This presentation will focus on latency estimation between an inertial motion sensor and a Vessel Mounted  Lidar (VML) and on a new method for accraute LIDAR bore-sight calibration method. This orientation latency is a major source of error for kinematic mapping systems and is generally not well known.

After deriving a estimate of orientation latency, we shall present an experimental set-up that implements this estimation technique. We shall demonstrate that orientation latency can be estimated without geo-referencing the LIDAR data, which cancel out errors due to the positioning system. Our procedure is capable to estimate the latency of a complete acquisition system, including a acqusition computer and software, a inertial motion unit, and a VML. Experimental results will prove that our precision and accuracy on latency estimation is less than 0.06 ms which makes it attractive for any VML or airborne Lidar application.

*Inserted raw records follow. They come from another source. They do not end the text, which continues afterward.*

lemma organic_sum_le_OBJ_GC_I: "(\<Sum>j<k. ov (I ! j)) \<le> OBJ_GC_I n k G ov I"
proof -
  interpret p: prob_space P by (rule prob_space_P)
  have "(\<integral>a. (\<Sum>j<k. ov (I ! j)) \<partial>P) \<le> (\<integral>a. stage_value k a \<partial>P)"
    by (intro integral_mono p.integrable_const lin_bounded_integrable lin_bounded_stage_value
        organic_sum_le_stage_value) simp
  then show ?thesis by (simp add: OBJ_GC_I_eq_integral_stage_value p.prob_space)
qed

end

lemma OBJ_GC_I_le_OBJ_GC:
  assumes "distinct I" "length I = k" "set I \<subseteq> {..<n}"
  shows "OBJ_GC_I n k G ov I \<le> OBJ_GC n k G ov"
proof -
  have "finite {I. distinct I \<and> length I = k \<and> set I \<subseteq> {..<n}}"
    by (rule finite_subset[OF _ finite_lists_length_eq[OF finite_lessThan, of n k]]) auto
  with assms show ?thesis unfolding OBJ_GC_def by (intro Max_ge) auto
qed

theorem theorem6:
  fixes n k :: nat and G :: "nat \<Rightarrow> real measure" and ov :: "nat \<Rightarrow> real"
  assumes "k \<le> n"
    and "\<And>i. i < n \<Longrightarrow> prob_space (G i)"
    and "\<And>i. i < n \<Longrightarrow> sets (G i) = sets borel"
    and "\<And>i. i < n \<Longrightarrow> AE t in G i. t \<ge> 0"
    and "\<And>i. i < n \<Longrightarrow> integrable (G i) (\<lambda>t. t)"
    and "\<And>i. i < n \<Longrightarrow> ov i \<ge> 0"
  shows "\<forall>x y. feasible_mech n k x y \<longrightarrow> OBJ_GC n k G ov \<ge> OBJ n G ov x y / 2"
proof (intro allI impI)
  fix x y assume feasible: "feasible_mech n k x y"
  interpret profile_space n G using assms(2,3,5) by (rule profile_space.intro)
  obtain B where B: "B \<subseteq> {..<n}" "card B = k" "topsum k {..<n} ov = (\<Sum>i\<in>B. ov i)"
    using topsum_attained[of "{..<n}" k] assms(1) by auto
  define I where "I = sorted_list_of_set B"
  have I: "distinct I" "length I = k" "set I \<subseteq> {..<n}" "set I = B"
    using B finite_subset[OF B(1)] unfolding I_def by auto
  interpret gchange_list n G k ov I
    using assms(1) I by (intro gchange_list.intro gchange_list_axioms.intro profile_space_axioms)
  have "topsum k {..<n} ov = (\<Sum>j<k. ov (I ! j))"
    using sum_list_distinct_conv_sum_set[OF I(1), of ov] sum_list_sum_nth[of "map ov I"] B(3) I
    by (simp add: atLeast0LessThan)
  then have "OBJ n G ov x y \<le> 2 * OBJ_GC_I n k G ov I"
    using OBJ_le_integral_topsum_add_topsum[where ov = ov, OF feasible assms(1,4,6)]
      integral_topsum_le_OBJ_GC_I organic_sum_le_OBJ_GC_I by linarith
  then show "OBJ_GC n k G ov \<ge> OBJ n G ov x y / 2"
    using OBJ_GC_I_le_OBJ_GC[where G = G and ov = ov, OF I(1-3)] by linarith
qed

end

We shall present experimental results obtained with an experimental set-up including a Leica HDS6200 LIDAR, and a OCTANS4 IMU connected to the Qinsy acqusition software. By using this set-up, we proved that we can accurately estimate the OCTAN4. We also proved that acquisition driver parametrisation may affect the latency, and that our method is capable of estimating the latency induced by any variation of the buffer size.

Following the same lines, we designed a LIDAR bore-sight angle calibration method that can work without positioning, which therefore cancel out calibration errors due du positioning errors. This calibration methods is based on several static scans of a trihedral made with cylinders, and allows to compute very accurately bore-sight angles through an iterative procedure which also returns a quality index of the calibration.